I'll go with a tentative *+0*, but +1 doesn't seem outlandish.

----------


## Frostmoon

Also: immunity to Timestop, while circumstantial, is _exceptionally_ useful. Enemy lich uses the spell? Congrats, this beatstick can go and attack it. An _ally_ uses the spell? Congrats, now you've got TWO TEAM MEMBERS who can actually act during it!

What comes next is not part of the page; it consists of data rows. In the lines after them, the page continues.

(* Let $\hat q$ be an $n\times n$ parametric matrix and $\hat p$ an $n\times n$ parametric matrix, and let $M$ be an $n\times n$ $(\hat q,\hat p)$-Manin matrix with entries in $\mathfrak R$. Then for every multi-index $I=(i_1,\dots,i_n)$ with entries in $\{1,\dots,n\}$, $$\sum_{\sigma\in S_n}\varepsilon(\hat q,\sigma)\,M_{\sigma(1),i_1}M_{\sigma(2),i_2}\cdots M_{\sigma(n),i_n}=\varepsilon(\hat p,I)\,\mathrm{cdet}_{\hat q}(M).$$
   Context: $\mathfrak R$ is an associative unital algebra over $\mathbb C$. A parametric $n\times n$ matrix is a matrix $\hat q=(q_{ij})$ of nonzero complex numbers with $q_{ij}q_{ji}=1$ and $q_{ii}=1$. For parametric matrices $\hat q$ ($n\times n$) and $\hat p$ ($m\times m$), an $n\times m$ matrix $M=(M_{ij})$ with entries in $\mathfrak R$ is a $(\hat q,\hat p)$-Manin matrix if $M_{ik}M_{jk}=q_{ji}M_{jk}M_{ik}$ for all $1\le i<j\le n$, $1\le k\le m$, and $M_{ik}M_{jl}-q_{ji}p_{kl}M_{jl}M_{ik}+p_{kl}M_{il}M_{jk}-q_{ji}M_{jk}M_{il}=0$ for all $i<j$, $k<l$. For a multi-index $I=(i_1,\dots,i_r)$, $\varepsilon(\hat q,I)=0$ if two entries of $I$ coincide, and otherwise $\varepsilon(\hat q,I)=\prod_{s<t,\ i_s>i_t}(-q_{i_si_t})$. For $\sigma\in S_n$, $\varepsilon(\hat q,\sigma)=\prod_{s<t,\ \sigma(s)>\sigma(t)}(-q_{\sigma(s)\sigma(t)})$. The column $\hat q$-determinant of an $n\times n$ matrix $M$ is $\mathrm{cdet}_{\hat q}(M)=\sum_{\sigma\in S_n}\varepsilon(\hat q,\sigma)M_{\sigma(1),1}\cdots M_{\sigma(n),n}$. *)

theory Defs
  imports Complex_Main "HOL-Combinatorics.Permutations"
begin

text \<open>Indices are 0-based: {1..n} of the paper is rendered as {..<n}.
  The unital associative C-algebra R is a type 'a :: ring_1 together with a
  unital ring homomorphism emb : C -> R whose image is central (scalars).\<close>

definition c_algebra_emb :: "(complex \<Rightarrow> 'a::ring_1) \<Rightarrow> bool" where
  "c_algebra_emb emb \<longleftrightarrow> emb 1 = 1 \<and>
     (\<forall>a b. emb (a + b) = emb a + emb b) \<and>
     (\<forall>a b. emb (a * b) = emb a * emb b) \<and>
     (\<forall>a x. emb a * x = x * emb a)"

definition parametric_matrix :: "nat \<Rightarrow> (nat \<Rightarrow> nat \<Rightarrow> complex) \<Rightarrow> bool" where
  "parametric_matrix n q \<longleftrightarrow> (\<forall>i<n. \<forall>j<n. q i j \<noteq> 0 \<and> q i j * q j i = 1) \<and> (\<forall>i<n. q i i = 1)"

definition manin ::
  "(complex \<Rightarrow> 'a::ring_1) \<Rightarrow> nat \<Rightarrow> nat \<Rightarrow> (nat \<Rightarrow> nat \<Rightarrow> complex) \<Rightarrow> (nat \<Rightarrow> nat \<Rightarrow> complex)
     \<Rightarrow> (nat \<Rightarrow> nat \<Rightarrow> 'a) \<Rightarrow> bool" where
  "manin emb n m q p M \<longleftrightarrow>
     (\<forall>i j k. i < j \<and> j < n \<and> k < m \<longrightarrow>
        M i k * M j k = emb (q j i) * M j k * M i k) \<and>
     (\<forall>i j k l. i < j \<and> j < n \<and> k < l \<and> l < m \<longrightarrow>
        M i k * M j l - emb (q j i * p k l) * M j l * M i k
        + emb (p k l) * M i l * M j k - emb (q j i) * M j k * M i l = 0)"

definition eps :: "(nat \<Rightarrow> nat \<Rightarrow> complex) \<Rightarrow> nat \<Rightarrow> (nat \<Rightarrow> nat) \<Rightarrow> complex" where
  "eps q r I = (if inj_on I {..<r} then
      (\<Prod>(s,t)\<in>{(s,t). s < t \<and> t < r \<and> I t < I s}. - q (I s) (I t)) else 0)"

definition cdet :: "(complex \<Rightarrow> 'a::ring_1) \<Rightarrow> (nat \<Rightarrow> nat \<Rightarrow> complex) \<Rightarrow> nat
     \<Rightarrow> (nat \<Rightarrow> nat \<Rightarrow> 'a) \<Rightarrow> 'a" where
  "cdet emb q n M = (\<Sum>\<sigma> | \<sigma> permutes {..<n}.
      emb (eps q n \<sigma>) * prod_list (map (\<lambda>k. M (\<sigma> k) k) [0..<n]))"

end

theory Submission
  imports Defs
begin

text \<open>Write D(J) for the left-hand side with column multi-index J, so that D(id) is the
  column q-determinant. Pairing every \<sigma> with \<sigma> \<circ> (s s+1) and using
  eps(q, \<sigma> \<circ> (s s+1)) = - q(j,i) eps(q, \<sigma>) for i = \<sigma>(s) < j = \<sigma>(s+1) groups D(J)
  into terms containing M(i,k) M(j,l) - q(j,i) M(j,k) M(i,l), where k = J(s) and l = J(s+1).
  The Manin relations turn this into 0 when k = l, and into - p(k,l) times the corresponding
  expression for J \<circ> (s s+1) when k < l. Sorting J by adjacent transpositions, by induction on
  its number of inversions, multiplies eps(p, J) by the same factors, and a sorted J either has
  two equal adjacent entries (both sides vanish) or is the identity.\<close>

definition inversions :: "nat \<Rightarrow> (nat \<Rightarrow> nat) \<Rightarrow> (nat \<times> nat) set" where
  "inversions n I = {(s, t). s < t \<and> t < n \<and> I t < I s}"

lemma finite_inversions: "finite (inversions n I)"
  by (rule finite_subset[of _ "{..<n} \<times> {..<n}"]) (auto simp: inversions_def)

lemma eps_eq_prod_inversions:
  "eps q n I = (if inj_on I {..<n} then \<Prod>(s, t)\<in>inversions n I. - q (I s) (I t) else 0)"
  by (simp add: eps_def inversions_def)

lemma transpose_Suc_less:
  "a < b \<Longrightarrow> (a, b) \<noteq> (s, Suc s) \<Longrightarrow> transpose s (Suc s) a < transpose s (Suc s) b"
  by (auto simp: transpose_def)

lemma transpose_Suc_lessThan: "Suc s < n \<Longrightarrow> b < n \<Longrightarrow> transpose s (Suc s) b < n"
  by (auto simp: transpose_def)
(* With $F_n$ as defined in the context, $$\int_{1+\frac{(\log n)^2}{n}}^{1+(\log n)^{-1}}F_n(w)\,dw\sim\tfrac12\,n\log n\qquad(n\to\infty).$$
   Context: For $w>0$ and integer $n\ge1$ let $a_n(w)=\sum_{j=0}^n w^j$, $b_n(w)=\sum_{j=1}^n jw^j$, $c_n(w)=\sum_{j=0}^n j^2w^j$, and $$F_n(w)=\frac{1}{2\sqrt{w}}\sqrt{\frac{c_n(w)}{a_n(w)}}\sqrt{\frac{a_n(w)c_n(w)-b_n(w)^2}{w\,a_n(w)^2}}.$$ $\log$ is the natural logarithm. *)

theory Defs
  imports "HOL-Analysis.Analysis" "HOL-Library.Landau_Symbols"
begin

definition a_n :: "nat \<Rightarrow> real \<Rightarrow> real" where
  "a_n n w = (\<Sum>j=0..n. w ^ j)"

definition b_n :: "nat \<Rightarrow> real \<Rightarrow> real" where
  "b_n n w = (\<Sum>j=1..n. real j * w ^ j)"

definition c_n :: "nat \<Rightarrow> real \<Rightarrow> real" where
  "c_n n w = (\<Sum>j=0..n. (real j)^2 * w ^ j)"

definition F_n :: "nat \<Rightarrow> real \<Rightarrow> real" where
  "F_n n w = 1 / (2 * sqrt w) * sqrt (c_n n w / a_n n w)
     * sqrt ((a_n n w * c_n n w - (b_n n w)^2) / (w * (a_n n w)^2))"

end

theory Submission
  imports Defs "HOL-Real_Asymp.Real_Asymp"
begin

text \<open>For \<open>w > 1\<close> the sums \<open>a_n\<close>, \<open>b_n\<close>, \<open>c_n\<close> have closed forms, and
  \<open>F_n w = sqrt (c_n/a_n) * sqrt V / (2 w)\<close> with \<open>V\<close> the variance of the weights \<open>w^j\<close> on \<open>{0..n}\<close>.
  Since \<open>c_n/a_n \<le> n^2\<close> and \<open>V \<le> w/(w-1)^2\<close>, we get \<open>F_n w \<le> n/(2(w-1))\<close>.
  Conversely, as soon as \<open>w^(n+1)\<close> dominates \<open>(n+1)^2\<close> (which holds on the whole range,
  where \<open>n (w-1) \<ge> (log n)^2\<close>), the mean \<open>b_n/a_n\<close> is at least \<open>n - 1/(w-1)\<close> and
  \<open>V\<close> is essentially \<open>1/(w-1)^2\<close>, so \<open>F_n w \<ge> (1 - o(1)) n/(2(w-1))\<close> uniformly.
  Integrating \<open>n/(2(w-1))\<close> over the range gives \<open>n/2 (log n - 3 log log n) \<sim> n log n / 2\<close>.\<close>

lemma a_n_closed_form: "(w - 1) * a_n n w = w ^ Suc n - 1"
  by (induction n) (auto simp: a_n_def algebra_simps)

lemma b_n_closed_form:
  "(w - 1)^2 * b_n n w = w ^ Suc n * (real n * w - real n - 1) + w"
proof (induction n)
  case 0
  then show ?case by (simp add: b_n_def)
next
  case (Suc n)
  have "(w - 1)^2 * b_n (Suc n) w = (w - 1)^2 * b_n n w + (w - 1)^2 * real (Suc n) * w ^ Suc n"
    by (simp add: b_n_def algebra_simps)
  also have "\<dots> = w ^ Suc (Suc n) * (real (Suc n) * w - real (Suc n) - 1) + w"
    using Suc by (simp add: algebra_simps power2_eq_square)
  finally show ?case .
qed

lemma c_n_closed_form:
  "(w - 1)^3 * c_n n w
     = w ^ Suc n * ((real n)^2 * w^2 - (2 * (real n)^2 + 2 * real n - 1) * w + (real n + 1)^2)
       - w * (w + 1)"
proof (induction n)
  case 0
  then show ?case by (simp add: c_n_def algebra_simps power2_eq_square)
next
  case (Suc n)
  have "(w - 1)^3 * c_n (Suc n) w = (w - 1)^3 * c_n n w + (w - 1)^3 * (real (Suc n))^2 * w ^ Suc n"
    by (simp add: c_n_def algebra_simps)
  also have "\<dots> = w ^ Suc (Suc n) * ((real (Suc n))^2 * w^2
                    - (2 * (real (Suc n))^2 + 2 * real (Suc n) - 1) * w + (real (Suc n) + 1)^2)
                  - w * (w + 1)"
    using Suc by (simp add: algebra_simps power2_eq_square power3_eq_cube)
  finally show ?case .
qed

lemma a_n_pos: "0 < w \<Longrightarrow> 0 < a_n n w"
  unfolding a_n_def by (intro sum_pos) auto

lemma c_n_le: "0 < w \<Longrightarrow> c_n n w \<le> (real n)^2 * a_n n w"
  unfolding c_n_def a_n_def sum_distrib_left
  by (intro sum_mono mult_right_mono power_mono) auto

lemma b_n_sq_le:
  assumes "0 < w"
  shows "(b_n n w)^2 \<le> a_n n w * c_n n w"
proof -
  have sq: "sqrt (w ^ j) * sqrt (w ^ j) = w ^ j" for j :: nat
    using assms by simp
  have "b_n n w = (\<Sum>j=0..n. sqrt (w ^ j) * (real j * sqrt (w ^ j)))"
    unfolding b_n_def using sq by (simp add: sum.atLeast_Suc_atMost mult.left_commute)
  also have "\<dots>^2 \<le> (\<Sum>j=0..n. (sqrt (w ^ j))^2) * (\<Sum>j=0..n. (real j * sqrt (w ^ j))^2)"
    by (rule Cauchy_Schwarz_ineq_sum)
  also have "\<dots> = a_n n w * c_n n w"
    unfolding a_n_def c_n_def using assms by (simp add: power_mult_distrib)
  finally show ?thesis .
qed

text \<open>The variance of the distribution on \<open>{0..n}\<close> with weights proportional to \<open>w^j\<close>,
  whose first two moments are \<open>b_n/a_n\<close> and \<open>c_n/a_n\<close>.\<close>

definition var_n :: "nat \<Rightarrow> real \<Rightarrow> real" where
  "var_n n w = (a_n n w * c_n n w - (b_n n w)^2) / (a_n n w)^2"

lemma var_n_nonneg: "0 < w \<Longrightarrow> 0 \<le> var_n n w"
  unfolding var_n_def using b_n_sq_le[of w n] by simp

lemma var_n_closed_form:
  assumes w: "1 < w"
  shows "var_n n w = w / (w - 1)^2 - (real n + 1)^2 * w ^ Suc n / (w ^ Suc n - 1)^2"
proof -
  define X where "X = w ^ Suc n"
  have X: "1 < X"
    unfolding X_def using w by (intro one_less_power) auto
  have "(w - 1)^4 * (a_n n w * c_n n w - (b_n n w)^2)
          = ((w - 1) * a_n n w) * ((w - 1)^3 * c_n n w) - ((w - 1)^2 * b_n n w)^2"
    by (simp add: algebra_simps power2_eq_square power3_eq_cube power4_eq_xxxx)
  also have "\<dots> = w * (X - 1)^2 - (real n + 1)^2 * X * (w - 1)^2"
    unfolding a_n_closed_form b_n_closed_form c_n_closed_form X_def
    by (simp add: algebra_simps power2_eq_square)
  finally have "a_n n w * c_n n w - (b_n n w)^2
                  = (w * (X - 1)^2 - (real n + 1)^2 * X * (w - 1)^2) / (w - 1)^4"
    using w by (simp add: field_simps)
  moreover have "a_n n w = (X - 1) / (w - 1)"
    using a_n_closed_form[of w n] w unfolding X_def by (simp add: field_simps)
  moreover have "((w * Y^2 - k * X * t^2) / t^4) / (Y / t)^2 = w / t^2 - k * X / Y^2"
    if "t \<noteq> 0" "Y \<noteq> 0" for t Y k :: real
    using that by (simp add: field_simps power2_eq_square power4_eq_xxxx)
  ultimately show ?thesis
    using w X unfolding var_n_def X_def[symmetric] by simp
qed

lemma F_n_eq:
  assumes "0 < w"
  shows "F_n n w = sqrt (c_n n w / a_n n w) * sqrt (var_n n w) / (2 * w)"
proof -
  have split: "sqrt (x / (w * y)) = sqrt (x / y) / sqrt w" for x y
    by (simp add: real_sqrt_divide real_sqrt_mult)
  have "1 / (2 * sqrt w) * q * (r / sqrt w) = q * r / (2 * w)" for q r
    using assms by (simp add: field_simps)
  then show ?thesis
    unfolding F_n_def var_n_def split .
qed

lemma F_n_le:
  assumes w: "1 < w"
  shows "F_n n w \<le> real n / (2 * (w - 1))"
proof -
  have w0: "0 < w"
    using w by simp
  have "c_n n w / a_n n w \<le> (real n)^2"
    using c_n_le[of w n] a_n_pos[of w n] w by (simp add: field_simps)
  then have mean_sq: "sqrt (c_n n w / a_n n w) \<le> real n"
    using real_sqrt_le_mono by fastforce
  have "var_n n w \<le> (sqrt w / (w - 1))^2"
    using var_n_closed_form[OF w] w by (simp add: power_divide)
  then have sd: "sqrt (var_n n w) \<le> sqrt w / (w - 1)"
    using w real_sqrt_le_mono by fastforce
  have "F_n n w \<le> real n * (sqrt w / (w - 1)) / (2 * w)"
    unfolding F_n_eq[OF w0] using w mean_sq sd var_n_nonneg[OF w0]
    by (intro divide_right_mono mult_mono) auto
  also have "\<dots> \<le> real n * (w / (w - 1)) / (2 * w)"
    using w real_le_lsqrt[of w w] by (intro divide_right_mono mult_left_mono) (auto simp: power2_eq_square)
  also have "\<dots> = real n / (2 * (w - 1))"
    using w by simp
  finally show ?thesis .
qed

lemma b_n_ge:
  assumes w: "1 < w"
  shows "a_n n w * (real n - 1 / (w - 1)) \<le> b_n n w"
proof -
  have "(w - 1)^2 * (b_n n w - a_n n w * (real n - 1 / (w - 1)))
          = (w - 1)^2 * b_n n w - ((w - 1) * a_n n w) * (real n * (w - 1) - 1)"
    using w by (simp add: field_simps power2_eq_square)
  also have "\<dots> = (real n + 1) * (w - 1)"
    unfolding a_n_closed_form b_n_closed_form by (simp add: algebra_simps)
  finally have "0 \<le> (w - 1)^2 * (b_n n w - a_n n w * (real n - 1 / (w - 1)))"
    using w by simp
  then show ?thesis
    using w by (simp add: zero_le_mult_iff)
qed
lemma abs_det_le_fact_mult_pow_of_norm_bound:
  fixes B :: "real^'n^'n"
  assumes "\<And>x. norm (B *v x) \<le> M * norm x"
  shows "\<bar>det B\<bar> \<le> fact CARD('n) * M ^ CARD('n)"
proof -
  have entry: "\<bar>B $ i $ j\<bar> \<le> M" for i j
    using assms by (rule abs_matrix_entry_le_of_norm_bound)
  have "\<bar>det B\<bar> \<le> (\<Sum>p\<in>{p. p permutes UNIV}. \<bar>of_int (sign p) * (\<Prod>i\<in>UNIV. B $ i $ p i)\<bar>)"
    unfolding det_def by (rule sum_abs)
  also have "\<dots> \<le> (\<Sum>p\<in>{p. p permutes (UNIV::'n set)}. M ^ CARD('n))"
  proof (rule sum_mono)
    fix p :: "'n \<Rightarrow> 'n"
    have "\<bar>of_int (sign p) * (\<Prod>i\<in>UNIV. B $ i $ p i)\<bar> = (\<Prod>i\<in>UNIV. \<bar>B $ i $ p i\<bar>)"
      by (simp add: abs_mult abs_prod sign_def)
    also have "\<dots> \<le> (\<Prod>i\<in>(UNIV::'n set). M)"
      by (rule prod_mono) (simp add: entry)
    finally show "\<bar>of_int (sign p) * (\<Prod>i\<in>UNIV. B $ i $ p i)\<bar> \<le> M ^ CARD('n)" by simp
  qed
  also have "\<dots> = fact CARD('n) * M ^ CARD('n)"
    by (simp add: card_permutations)
  finally show ?thesis .
qed

lemma le_of_pow_le_const_mult_pow:
  fixes x y C :: real
  assumes "0 \<le> y" and pow_le: "\<And>k. x ^ k \<le> C * y ^ k"
  shows "x \<le> y"
proof (rule ccontr)
  assume "\<not> x \<le> y"
  show False
  proof (cases "y = 0")
    case True
    then show False using pow_le[of 1] \<open>\<not> x \<le> y\<close> by simp
  next
    case False
    with \<open>0 \<le> y\<close> \<open>\<not> x \<le> y\<close> have "0 < y" "1 < x / y" by auto
    then obtain k where "C < (x / y) ^ k" using real_arch_pow by blast
    also have "(x / y) ^ k \<le> C"
      using pow_le[of k] \<open>0 < y\<close> by (simp add: power_divide divide_le_eq)
    finally show False by simp
  qed
qed

text \<open>Instead of Hadamard's inequality, the crude bound \<open>|det B| \<le> n! M^n\<close> is applied
  to the powers \<open>A^k\<close>; the factor \<open>n!\<close> disappears as \<open>k \<rightarrow> \<infinity>\<close>.\<close>
lemma abs_det_le_pow_of_norm_bound:
  fixes A :: "real^'n^'n"
  assumes "0 \<le> c" and bound: "\<And>x. norm (A *v x) \<le> c * norm x"
  shows "\<bar>det A\<bar> \<le> c ^ CARD('n)"
proof (rule le_of_pow_le_const_mult_pow)
  fix k
  define P where "P = (((**) A) ^^ k) (mat 1)"
  have "norm (P *v x) \<le> c ^ k * norm x" for x
    unfolding P_def
  proof (induction k arbitrary: x)
    case (Suc k)
    have "norm (A *v ((((**) A) ^^ k) (mat 1) *v x)) \<le> c * (c ^ k * norm x)"
      using bound Suc.IH \<open>0 \<le> c\<close> by (meson mult_left_mono order_trans)
    then show ?case by (simp add: matrix_vector_mul_assoc)
  qed simp
  then have "\<bar>det P\<bar> \<le> fact CARD('n) * (c ^ k) ^ CARD('n)"
    by (rule abs_det_le_fact_mult_pow_of_norm_bound)
  moreover have "det P = det A ^ k"
    unfolding P_def by (induction k) (simp_all add: det_mul)
  ultimately show "\<bar>det A\<bar> ^ k \<le> fact CARD('n) * (c ^ CARD('n)) ^ k"
    by (simp add: power_abs flip: power_mult) (simp add: mult.commute)
qed (use \<open>0 \<le> c\<close> in simp)

lemma abs_det_jacobian_le_of_lipschitz:
  fixes f :: "real^'n \<Rightarrow> real^'n"
  assumes "f differentiable (at x)" and "L-lipschitz_on UNIV f"
  shows "\<bar>det (jacobian f (at x))\<bar> \<le> L ^ CARD('n)"
proof -
  have f': "(f has_derivative frechet_derivative f (at x)) (at x)"
    using assms(1) by (rule frechet_derivative_works[THEN iffD1])
  then have "linear (frechet_derivative f (at x))" by (rule has_derivative_linear)
  show ?thesis
    unfolding jacobian_def
  proof (rule abs_det_le_pow_of_norm_bound)
    show "0 \<le> L" using assms(2) by (rule lipschitz_on_nonneg)
    show "norm (matrix (frechet_derivative f (at x)) *v v) \<le> L * norm v" for v
      using norm_derivative_le_of_lipschitz[OF f' assms(2)]
      by (simp add: matrix_works \<open>linear (frechet_derivative f (at x))\<close>)
  qed
qed

lemma det_jacobian_mult_det_jacobian_right_inverse:
  fixes f g :: "real^'n \<Rightarrow> real^'n"
  assumes "f differentiable (at (g y))" and "g differentiable (at y)"
    and right_inverse: "\<And>y. f (g y) = y"
  shows "det (jacobian f (at (g y))) * det (jacobian g (at y)) = 1"
proof -
  let ?f' = "frechet_derivative f (at (g y))" and ?g' = "frechet_derivative g (at y)"
  have f': "(f has_derivative ?f') (at (g y))" and g': "(g has_derivative ?g') (at y)"
    using assms(1,2) by (simp_all add: frechet_derivative_works)
  have "((\<lambda>y. f (g y)) has_derivative (\<lambda>h. ?f' (?g' h))) (at y)"
    using has_derivative_compose[OF g' f'] .
  moreover have "((\<lambda>y. f (g y)) has_derivative id) (at y)"
    unfolding right_inverse id_def by (rule has_derivative_ident)
  ultimately have "?f' \<circ> ?g' = id"
    unfolding comp_def by (rule has_derivative_unique)
  moreover have "matrix (?f' \<circ> ?g') = matrix ?f' ** matrix ?g'"
    using f' g' by (intro matrix_compose has_derivative_linear)
  ultimately have "det (matrix ?f' ** matrix ?g') = 1"
    by (metis matrix_id)
  then show ?thesis
    unfolding jacobian_def det_mul .
qed

lemma lipschitz_on_UNIV_pos_of_inj:
  fixes f :: "'a::euclidean_space \<Rightarrow> 'b::metric_space"
  assumes "inj f" and "L-lipschitz_on UNIV f"
  shows "0 < L"
proof -
  obtain b :: 'a where "b \<in> Basis" using nonempty_Basis by blast
  then have "b \<noteq> 0" by auto
  then have "0 < dist (f b) (f 0)" using \<open>inj f\<close> by (simp add: inj_eq)
  also have "\<dots> \<le> L * norm b"
    using lipschitz_onD[OF assms(2), of b 0] by (simp add: dist_norm)
  finally show ?thesis
    using \<open>b \<noteq> 0\<close> by (simp add: zero_less_mult_iff)
qed

lemma C1_map_differentiable: "C1_map f \<Longrightarrow> f differentiable (at x)"
  unfolding C1_map_def differentiable_def by blast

I'll vote a conservative *+0* here. :3

----------


## Beni-Kujaku

> Also: immunity to Timestop, while circumstantial, is _exceptionally_ useful. Enemy lich uses the spell? Congrats, this beatstick can go and attack it. An _ally_ uses the spell? Congrats, now you've got TWO TEAM MEMBERS who can actually act during it!
> 
> I'll vote a conservative *+0* here. :3


Being able to act with an opponent is great. Being able to act with an ally is a bit disappointing. The Feverclaw is a beatstick first, and basically, only. It won't be able to deal any damage to its target during the Time Stop, and has no innate ability that use its actions to buff itself. Now, you could of course stock up on items for such an eventuality, but that's a bit too circumstancial to be optimal expenses.

----------


## Debatra

I mean, if you have an ally that can Time Stop, you may as well at least grab a few extra potions.

----------


## InvisibleBison

> However, no manipulator barring Gloves of Man


I don't think this is correct. Even if you rule that the feverclaw's arms can't be used to manipulate things (and I don't know why you'd do that), its proboscis is explicitly described as prehensile. Maybe it can't wield a weapon, but it can certainly manipulate things.

----------


## Frostmoon

> Being able to act with an opponent is great. Being able to act with an ally is a bit disappointing. The Feverclaw is a beatstick first, and basically, only. It won't be able to deal any damage to its target during the Time Stop, and has no innate ability that use its actions to buff itself. Now, you could of course stock up on items for such an eventuality, but that's a bit too circumstancial to be optimal expenses.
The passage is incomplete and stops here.